[SPARK-50520][PySpark] Respect timeout in df.rdd.countApprox()#56060
[SPARK-50520][PySpark] Respect timeout in df.rdd.countApprox()#56060rishav23 wants to merge 2 commits into
Conversation
|
@hvanhovell PTAL when you have a moment. Thanks! |
|
@cloud-fan PTAL . Thanks |
cloud-fan
left a comment
There was a problem hiding this comment.
1 blocking, 1 non-blocking, 0 nits.
The sumApprox -> initialValue change is correct and well-targeted; two gaps below.
Correctness (2)
- python/pyspark/core/rdd.py:4847 [blocking]: fix is incomplete --
meanApprox(rdd.py:4885) still callsgetFinalValue()and keeps the same blocking/timeout bug -- see inline - python/pyspark/tests/test_rdd.py:646 [non-blocking]:
test_count_approx_respects_timeoutpasses on the unfixed code too, so it doesn't guard the regression -- see inline
Verification
Traced the JVM unwrap path: PartialResult.getFinalValue() blocks (this.wait(), PartialResult.scala:33-42) until setFinalValue, which ApproximateActionListener only calls when finishedTasks == totalTasks (ApproximateActionListener.scala:50-52) -- so the old code waited for full completion. initialValue is the value awaitResult() returns at timeout (isFinal=false) or on completion (isFinal=true), so switching to it correctly respects timeout while still returning the exact result when the job finishes in time. countApprox inherits the fix via its delegation to sumApprox; meanApprox does not (still getFinalValue()).

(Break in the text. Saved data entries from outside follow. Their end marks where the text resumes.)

lemma nat_set_lepoll_U_c:
  assumes T: "coloured_tree X Y V VX VY adj c" and M: "perm_group M X" and N: "perm_group N Y"
    and not_both: "\<not> (semi_regular M X \<and> semi_regular N Y)"
  shows "(UNIV :: nat set set) \<lesssim> U_c V adj VX VY c M N"
proof (cases "semi_regular M X")
  case False
  then show ?thesis
    using coloured_tree.nat_set_lepoll_U_c_if_not_semi_regular[OF T M] perm_group_id[OF N] by blast
next
  case True
  then have "\<not> semi_regular N Y" using not_both by blast
  then have "(UNIV :: nat set set) \<lesssim> U_c V adj VY VX c N M"
    using coloured_tree.nat_set_lepoll_U_c_if_not_semi_regular[OF coloured_tree_swap[OF T] N]
      perm_group_id[OF M] by blast
  then show ?thesis using coloured_tree.U_c_swap[OF T] by simp
qed

theorem corollary6p5:
  fixes X Y :: "'a set" and M N :: "('a \<Rightarrow> 'a) set"
    and V VX VY :: "'v set" and adj :: "'v \<Rightarrow> 'v \<Rightarrow> bool" and c :: "'v \<times> 'v \<Rightarrow> 'a"
  assumes "X \<inter> Y = {}" and "countable X" and "countable Y"
    and "\<exists>a\<in>X. \<exists>b\<in>X. a \<noteq> b" and "\<exists>a\<in>Y. \<exists>b\<in>Y. a \<noteq> b"
    and "closed_perm_group M X" and "closed_perm_group N Y"
    and "nontrivial_group M" and "nontrivial_group N"
    and "legal_coloured_biregular_tree X Y V adj VX VY c"
  shows "(countable (box_product V adj VX VY c M N)
            \<or> box_product V adj VX VY c M N \<approx> (UNIV :: nat set set))
         \<and> (countable (box_product V adj VX VY c M N)
              \<longleftrightarrow> semi_regular M X \<and> semi_regular N Y)"
proof -
  have T: "coloured_tree X Y V VX VY adj c" using assms(1,4,5,10) by unfold_locales
  have M: "perm_group M X" and N: "perm_group N Y"
    using assms(6,7) by (simp_all add: closed_perm_group_def)
  have B_U: "box_product V adj VX VY c M N \<approx> U_c V adj VX VY c M N"
    using coloured_tree.box_product_eqpoll_U_c[OF T] .
  show ?thesis
  proof (cases "semi_regular M X \<and> semi_regular N Y")
    case True
    then have "countable (U_c V adj VX VY c M N)"
      using coloured_tree.countable_U_c[OF T M _ N _ assms(2,3)] by blast
    then show ?thesis using True countable_eqpoll B_U by blast
  next
    case False
    have "U_c V adj VX VY c M N \<approx> (UNIV :: nat set set)"
      using lepoll_antisym coloured_tree.U_c_lepoll_nat_set[OF T assms(2,3)]
        nat_set_lepoll_U_c[OF T M N False]
      by blast
    then have B: "box_product V adj VX VY c M N \<approx> (UNIV :: nat set set)"
      using B_U eqpoll_trans by blast
    then have "\<not> countable (box_product V adj VX VY c M N)"
      using countable_eqpoll eqpoll_sym uncountable_UNIV_nat_set by blast
    then show ?thesis using B False by blast
  qed
qed

end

| jdrdd = self.ctx._jvm.JavaDoubleRDD.fromRDD(jrdd.rdd()) | ||
| r = jdrdd.sumApprox(timeout, confidence).getFinalValue() | ||
| partial = jdrdd.sumApprox(timeout, confidence) | ||
| r = partial.initialValue() |
There was a problem hiding this comment.
The fix here is correct, but it's incomplete: meanApprox (line 4885) is the direct peer of sumApprox -- same JavaDoubleRDD approximate action returning a PartialResult[BoundedDouble] -- yet it still calls .getFinalValue(), which blocks until the entire job finishes (PartialResult.getFinalValue waits until setFinalValue, fired only when all tasks complete). So meanApprox(timeout=...) retains the exact bug this PR fixes for sumApprox/countApprox, and the two parallel paths now diverge.

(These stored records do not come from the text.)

(* Let $m\ge3$. The matrices $\mathcal{M}^{t,p}_{i,j}$ ($(i,j,t,p)\in\mathcal{I}_{(m,m)}$), $\mathcal{R}^{t,p}_{i,j}$ ($(i,j,t,p)\in\mathcal{I}_{(m,m+1)}$), $\mathcal{L}^{t,p}_{i,j}$ ($(i,j,t,p)\in\mathcal{I}_{(m+1,m)}$) and $\mathcal{F}^{t,p}_{i,j}$ ($(i,j,t,p)\in\mathcal{I}_{(m+1,m+1)}$) form a basis of the Terwilliger algebra $T=T(x_0)$ of $2.O_{m+1}$.
   Context: $S=\{1,\dots,2m+1\}$, $X=\binom{S}{m}\cup\binom{S}{m+1}$; the doubled Odd graph $2.O_{m+1}$ has vertex set $X$, two vertices adjacent iff one is a proper subset of the other, with distance $\partial$. $x_0=\{1,\dots,m\}$. $T$ is the subalgebra of complex $X\times X$ matrices generated by the adjacency matrix $A_1$ and the diagonal matrices $E^*_i$ ($0\le i\le 2m+1$) with $(y,y)$-entry $1$ iff $\partial(x_0,y)=i$. For $y,z\subseteq S$, $\varrho(y,z)=(|x_0\cap y|,|x_0\cap z|,|y\cap z|,|x_0\cap y\cap z|)$; for $a,b\in\{m,m+1\}$, $\mathcal{I}_{(a,b)}=\{\varrho(y,z):y\in\binom{S}{a},z\in\binom{S}{b}\}$ and $X^{(i,j,t,p)}_{(a,b)}=\{(y,z)\in\binom{S}{a}\times\binom{S}{b}:\varrho(y,z)=(i,j,t,p)\}$. The matrices $\mathcal{M}^{t,p}_{i,j}$, $\mathcal{R}^{t,p}_{i,j}$, $\mathcal{L}^{t,p}_{i,j}$, $\mathcal{F}^{t,p}_{i,j}$ are the $X\times X$ $0/1$ matrices whose $(y,z)$-entry is $1$ iff $(y,z)$ lies in $X^{(i,j,t,p)}_{(m,m)}$, $X^{(i,j,t,p)}_{(m,m+1)}$, $X^{(i,j,t,p)}_{(m+1,m)}$, $X^{(i,j,t,p)}_{(m+1,m+1)}$ respectively. *)

theory Defs
  imports Complex_Main "HOL-Library.Function_Algebras"
begin

text \<open>Matrices indexed by X x X are represented as functions
  nat set => nat set => complex (entries outside X x X are zero for all
  matrices considered).\<close>

type_synonym cmat = "nat set \<Rightarrow> nat set \<Rightarrow> complex"

definition Sset :: "nat \<Rightarrow> nat set" where
  "Sset m = {1..2*m+1}"

definition Xset :: "nat \<Rightarrow> nat set set" where
  "Xset m = {y. y \<subseteq> Sset m \<and> (card y = m \<or> card y = m + 1)}"

definition x0 :: "nat \<Rightarrow> nat set" where
  "x0 m = {1..m}"

definition adj :: "nat \<Rightarrow> nat set \<Rightarrow> nat set \<Rightarrow> bool" where
  "adj m y z \<longleftrightarrow> y \<in> Xset m \<and> z \<in> Xset m \<and> (y \<subset> z \<or> z \<subset> y)"

definition gdist :: "nat \<Rightarrow> nat set \<Rightarrow> nat set \<Rightarrow> nat" where
  "gdist m y z = (LEAST n. (y, z) \<in> ({(u, v). adj m u v} ^^ n))"

definition cscale :: "complex \<Rightarrow> cmat \<Rightarrow> cmat" where
  "cscale c A = (\<lambda>y z. c * A y z)"

definition mmult :: "nat \<Rightarrow> cmat \<Rightarrow> cmat \<Rightarrow> cmat" where
  "mmult m A B = (\<lambda>y z. \<Sum>w\<in>Xset m. A y w * B w z)"

definition idmat :: "nat \<Rightarrow> cmat" where
  "idmat m = (\<lambda>y z. if y \<in> Xset m \<and> y = z then 1 else 0)"

definition A1 :: "nat \<Rightarrow> cmat" where
  "A1 m = (\<lambda>y z. if adj m y z then 1 else 0)"

definition Estar :: "nat \<Rightarrow> nat \<Rightarrow> cmat" where
  "Estar m i = (\<lambda>y z. if y \<in> Xset m \<and> y = z \<and> gdist m (x0 m) y = i then 1 else 0)"

inductive_set Talg :: "nat \<Rightarrow> cmat set" for m where
  gen_id: "idmat m \<in> Talg m"
| gen_A: "A1 m \<in> Talg m"
| gen_E: "i \<le> 2*m+1 \<Longrightarrow> Estar m i \<in> Talg m"
| add: "A \<in> Talg m \<Longrightarrow> B \<in> Talg m \<Longrightarrow> A + B \<in> Talg m"
| scale: "A \<in> Talg m \<Longrightarrow> cscale c A \<in> Talg m"
| mult: "A \<in> Talg m \<Longrightarrow> B \<in> Talg m \<Longrightarrow> mmult m A B \<in> Talg m"

definition rho :: "nat \<Rightarrow> nat set \<Rightarrow> nat set \<Rightarrow> nat \<times> nat \<times> nat \<times> nat" where
  "rho m y z = (card (x0 m \<inter> y), card (x0 m \<inter> z), card (y \<inter> z), card (x0 m \<inter> y \<inter> z))"

definition ksub :: "nat \<Rightarrow> nat \<Rightarrow> nat set set" where
  "ksub m a = {y. y \<subseteq> Sset m \<and> card y = a}"

definition Iset :: "nat \<Rightarrow> nat \<Rightarrow> nat \<Rightarrow> (nat \<times> nat \<times> nat \<times> nat) set" where
  "Iset m a b = {rho m y z | y z. y \<in> ksub m a \<and> z \<in> ksub m b}"

definition Xrel :: "nat \<Rightarrow> nat \<Rightarrow> nat \<Rightarrow> nat \<times> nat \<times> nat \<times> nat \<Rightarrow> (nat set \<times> nat set) set" where
  "Xrel m a b q = {(y, z). y \<in> ksub m a \<and> z \<in> ksub m b \<and> rho m y z = q}"

definition blockmat :: "nat \<Rightarrow> nat \<Rightarrow> nat \<Rightarrow> nat \<times> nat \<times> nat \<times> nat \<Rightarrow> cmat" where
  "blockmat m a b q = (\<lambda>y z. if (y, z) \<in> Xrel m a b q then 1 else 0)"

definition Mmat :: "nat \<Rightarrow> nat \<times> nat \<times> nat \<times> nat \<Rightarrow> cmat" where
  "Mmat m q = blockmat m m m q"
definition Rmat :: "nat \<Rightarrow> nat \<times> nat \<times> nat \<times> nat \<Rightarrow> cmat" where
  "Rmat m q = blockmat m m (m+1) q"
definition Lmat :: "nat \<Rightarrow> nat \<times> nat \<times> nat \<times> nat \<Rightarrow> cmat" where
  "Lmat m q = blockmat m (m+1) m q"
definition Fmat :: "nat \<Rightarrow> nat \<times> nat \<times> nat \<times> nat \<Rightarrow> cmat" where
  "Fmat m q = blockmat m (m+1) (m+1) q"

definition bfam :: "nat \<Rightarrow> nat \<times> (nat \<times> nat \<times> nat \<times> nat) \<Rightarrow> cmat" where
  "bfam m kq = (case kq of (k, q) \<Rightarrow>
     if k = 0 then Mmat m q else if k = 1 then Rmat m q else if k = 2 then Lmat m q else Fmat m q)"

definition bidx :: "nat \<Rightarrow> (nat \<times> (nat \<times> nat \<times> nat \<times> nat)) set" where
  "bidx m = ({0} \<times> Iset m m m) \<union> ({1} \<times> Iset m m (m+1))
          \<union> ({2} \<times> Iset m (m+1) m) \<union> ({3} \<times> Iset m (m+1) (m+1))"

end

theory Submission
  imports Defs
begin

text \<open>The permutations of S fixing x0 act on X \<times> X, and two pairs (y, z), (y', z') lie in the
  same orbit iff they have the same key (|y|, |z|, \<rho>(y, z)); the matrices of the statement are
  the characteristic matrices of these orbits. The generators of T commute with this action, so
  every matrix of T is constant on orbits and hence a combination of orbit matrices.
  Conversely, every orbit matrix lies in T, by induction on the distance |y \<Delta> z| of the pair:
  if z' is a neighbour of z closer to y and i = \<partial>(x0, z), then the orbit matrix of (y, z')
  times A1 times E*_i is a nonzero multiple of the orbit matrix of (y, z) plus orbit matrices at
  smaller distance, because the key of (y, z) is determined by that of (y, z') and by i.
  Orbit matrices have disjoint supports, hence are linearly independent.\<close>

definition symdiff_card :: "'a set \<Rightarrow> 'a set \<Rightarrow> nat" where
  "symdiff_card a b = card (a - b) + card (b - a)"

The PR description frames the problem generically ("PySpark approximate RDD actions currently call getFinalValue() ..."), which reads as covering all three actions. Suggest applying the same change to meanApprox:
| r = partial.initialValue() | |
| partial = jdrdd.meanApprox(timeout, confidence) | |
| r = partial.initialValue() |
(this suggestion is for line 4885, shown here for reference). If meanApprox is intentionally out of scope, please narrow the PR description to say so explicitly.
There was a problem hiding this comment.
Thanks for the review.
I've updated meanApprox to use the same timeout-aware handling as sumApprox by switching from getFinalValue() to initialValue().
I also updated the regression test to use a deliberately slow workload so that the timeout behavior is observable. The previous version could complete quickly even with the blocking implementation and therefore did not reliably detect the regression.
Additionally, the test now cleans up the background approximate job before proceeding to avoid interference with subsequent tests.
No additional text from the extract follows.